---------- Input data
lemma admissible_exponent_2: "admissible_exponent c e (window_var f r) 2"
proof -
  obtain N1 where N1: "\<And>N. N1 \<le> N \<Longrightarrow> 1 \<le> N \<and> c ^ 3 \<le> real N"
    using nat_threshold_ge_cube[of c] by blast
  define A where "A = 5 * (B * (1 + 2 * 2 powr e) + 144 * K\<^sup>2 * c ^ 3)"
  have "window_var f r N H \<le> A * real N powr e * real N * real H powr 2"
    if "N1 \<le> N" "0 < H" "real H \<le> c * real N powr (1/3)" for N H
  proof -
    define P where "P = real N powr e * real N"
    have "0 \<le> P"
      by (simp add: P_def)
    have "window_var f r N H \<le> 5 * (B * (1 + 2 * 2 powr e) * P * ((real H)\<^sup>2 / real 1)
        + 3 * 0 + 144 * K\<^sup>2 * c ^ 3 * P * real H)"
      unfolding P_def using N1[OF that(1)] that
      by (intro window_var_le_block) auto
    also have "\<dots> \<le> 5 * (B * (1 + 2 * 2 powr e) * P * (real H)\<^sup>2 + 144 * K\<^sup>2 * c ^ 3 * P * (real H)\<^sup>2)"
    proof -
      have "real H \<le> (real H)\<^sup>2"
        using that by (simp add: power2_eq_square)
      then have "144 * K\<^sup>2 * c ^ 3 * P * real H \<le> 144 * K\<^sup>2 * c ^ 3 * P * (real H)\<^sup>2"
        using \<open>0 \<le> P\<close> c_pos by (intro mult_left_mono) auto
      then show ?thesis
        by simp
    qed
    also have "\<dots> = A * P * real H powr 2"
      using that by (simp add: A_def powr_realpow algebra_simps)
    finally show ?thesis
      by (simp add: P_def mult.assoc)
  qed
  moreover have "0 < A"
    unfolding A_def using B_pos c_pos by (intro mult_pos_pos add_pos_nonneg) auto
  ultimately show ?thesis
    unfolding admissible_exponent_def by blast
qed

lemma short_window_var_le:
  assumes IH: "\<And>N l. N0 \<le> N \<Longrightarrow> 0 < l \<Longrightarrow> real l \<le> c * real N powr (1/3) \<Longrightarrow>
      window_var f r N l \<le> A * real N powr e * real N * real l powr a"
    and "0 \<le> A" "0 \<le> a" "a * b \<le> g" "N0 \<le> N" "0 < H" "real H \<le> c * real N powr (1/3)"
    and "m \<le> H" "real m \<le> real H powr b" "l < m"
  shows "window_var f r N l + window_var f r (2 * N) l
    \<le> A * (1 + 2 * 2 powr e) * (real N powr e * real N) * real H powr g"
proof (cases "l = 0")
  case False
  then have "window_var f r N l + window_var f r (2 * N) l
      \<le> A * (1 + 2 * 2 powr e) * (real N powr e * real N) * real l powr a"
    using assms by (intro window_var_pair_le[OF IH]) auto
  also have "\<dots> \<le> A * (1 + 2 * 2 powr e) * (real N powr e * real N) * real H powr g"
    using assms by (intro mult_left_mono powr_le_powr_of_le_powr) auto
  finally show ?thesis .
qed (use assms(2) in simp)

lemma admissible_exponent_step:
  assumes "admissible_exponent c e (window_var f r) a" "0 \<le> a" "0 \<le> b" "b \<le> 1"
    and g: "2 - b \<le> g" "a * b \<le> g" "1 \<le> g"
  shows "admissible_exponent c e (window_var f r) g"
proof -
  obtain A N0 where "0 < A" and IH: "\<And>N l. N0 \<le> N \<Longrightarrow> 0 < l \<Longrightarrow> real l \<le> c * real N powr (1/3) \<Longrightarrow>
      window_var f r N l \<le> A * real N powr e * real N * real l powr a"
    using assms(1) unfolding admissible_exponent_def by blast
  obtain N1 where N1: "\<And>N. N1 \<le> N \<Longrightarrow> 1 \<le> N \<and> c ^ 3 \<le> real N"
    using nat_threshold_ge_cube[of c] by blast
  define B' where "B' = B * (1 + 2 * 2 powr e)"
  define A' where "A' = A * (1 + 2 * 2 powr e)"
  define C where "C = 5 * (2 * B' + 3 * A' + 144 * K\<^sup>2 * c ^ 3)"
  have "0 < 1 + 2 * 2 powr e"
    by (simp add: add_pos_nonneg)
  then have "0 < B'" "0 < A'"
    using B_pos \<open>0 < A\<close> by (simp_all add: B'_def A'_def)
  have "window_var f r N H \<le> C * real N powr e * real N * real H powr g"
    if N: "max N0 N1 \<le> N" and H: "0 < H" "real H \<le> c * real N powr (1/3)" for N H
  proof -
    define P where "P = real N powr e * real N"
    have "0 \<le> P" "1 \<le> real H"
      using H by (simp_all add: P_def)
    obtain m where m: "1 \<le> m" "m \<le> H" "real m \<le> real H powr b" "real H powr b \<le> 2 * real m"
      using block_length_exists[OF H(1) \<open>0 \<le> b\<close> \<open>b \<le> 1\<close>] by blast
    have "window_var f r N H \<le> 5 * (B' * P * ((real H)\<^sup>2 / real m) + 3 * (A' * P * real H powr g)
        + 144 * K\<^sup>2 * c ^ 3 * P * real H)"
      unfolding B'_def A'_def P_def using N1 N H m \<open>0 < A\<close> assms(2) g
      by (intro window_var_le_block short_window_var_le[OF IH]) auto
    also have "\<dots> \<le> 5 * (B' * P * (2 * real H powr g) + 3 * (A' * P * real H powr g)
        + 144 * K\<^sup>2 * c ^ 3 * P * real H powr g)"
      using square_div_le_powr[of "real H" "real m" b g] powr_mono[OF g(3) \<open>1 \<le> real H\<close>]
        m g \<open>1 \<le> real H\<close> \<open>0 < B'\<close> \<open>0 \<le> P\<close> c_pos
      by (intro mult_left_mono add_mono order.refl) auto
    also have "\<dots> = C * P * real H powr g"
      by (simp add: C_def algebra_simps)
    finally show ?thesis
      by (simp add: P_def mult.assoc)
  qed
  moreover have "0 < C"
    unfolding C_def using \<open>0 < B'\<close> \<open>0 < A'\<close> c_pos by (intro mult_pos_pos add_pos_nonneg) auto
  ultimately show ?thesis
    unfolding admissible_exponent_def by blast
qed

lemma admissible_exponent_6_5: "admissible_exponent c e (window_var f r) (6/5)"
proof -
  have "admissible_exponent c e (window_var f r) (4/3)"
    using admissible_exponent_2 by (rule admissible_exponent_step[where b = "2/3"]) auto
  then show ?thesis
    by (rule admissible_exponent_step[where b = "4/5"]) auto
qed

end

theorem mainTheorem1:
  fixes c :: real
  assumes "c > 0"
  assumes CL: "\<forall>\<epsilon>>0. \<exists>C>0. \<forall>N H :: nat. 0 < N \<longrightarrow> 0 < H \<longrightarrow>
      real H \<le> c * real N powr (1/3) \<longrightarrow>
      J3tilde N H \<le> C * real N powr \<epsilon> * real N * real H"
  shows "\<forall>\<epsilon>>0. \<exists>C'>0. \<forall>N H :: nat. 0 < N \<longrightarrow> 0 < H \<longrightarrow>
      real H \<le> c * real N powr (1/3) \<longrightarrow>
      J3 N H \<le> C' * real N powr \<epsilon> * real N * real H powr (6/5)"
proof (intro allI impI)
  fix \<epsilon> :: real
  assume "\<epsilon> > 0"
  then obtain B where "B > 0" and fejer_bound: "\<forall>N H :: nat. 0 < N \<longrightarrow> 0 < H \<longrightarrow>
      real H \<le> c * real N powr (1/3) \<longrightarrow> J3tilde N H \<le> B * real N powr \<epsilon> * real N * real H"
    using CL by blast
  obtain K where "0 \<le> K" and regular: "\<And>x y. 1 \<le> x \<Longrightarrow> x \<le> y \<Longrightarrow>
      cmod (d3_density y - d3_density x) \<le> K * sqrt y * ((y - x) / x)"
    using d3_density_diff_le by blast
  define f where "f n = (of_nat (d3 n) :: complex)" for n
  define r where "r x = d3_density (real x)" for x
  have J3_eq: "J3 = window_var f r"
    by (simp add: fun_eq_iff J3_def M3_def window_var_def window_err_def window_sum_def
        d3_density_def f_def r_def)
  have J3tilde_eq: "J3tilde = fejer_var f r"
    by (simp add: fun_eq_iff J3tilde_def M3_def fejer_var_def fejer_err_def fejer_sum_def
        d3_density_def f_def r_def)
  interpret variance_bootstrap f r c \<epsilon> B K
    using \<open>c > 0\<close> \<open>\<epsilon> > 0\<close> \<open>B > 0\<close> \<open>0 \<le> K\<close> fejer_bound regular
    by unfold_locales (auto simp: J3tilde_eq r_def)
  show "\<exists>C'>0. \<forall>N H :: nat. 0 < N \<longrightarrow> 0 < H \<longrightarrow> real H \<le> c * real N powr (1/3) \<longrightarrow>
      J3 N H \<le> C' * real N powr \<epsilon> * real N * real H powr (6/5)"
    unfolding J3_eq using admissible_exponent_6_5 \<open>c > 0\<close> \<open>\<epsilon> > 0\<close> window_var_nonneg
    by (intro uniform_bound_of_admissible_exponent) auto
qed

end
--------------------
Work item: Return every line of the listing above that contains "then".

Solution:
      then have "144 * K\<^sup>2 * c ^ 3 * P * real H \<le> 144 * K\<^sup>2 * c ^ 3 * P * (real H)\<^sup>2"
      then show ?thesis
  then have "window_var f r N l + window_var f r (2 * N) l
  then have "0 < B'" "0 < A'"
  then show ?thesis
  then obtain B where "B > 0" and fejer_bound: "\<forall>N H :: nat. 0 < N \<longrightarrow> 0 < H \<longrightarrow>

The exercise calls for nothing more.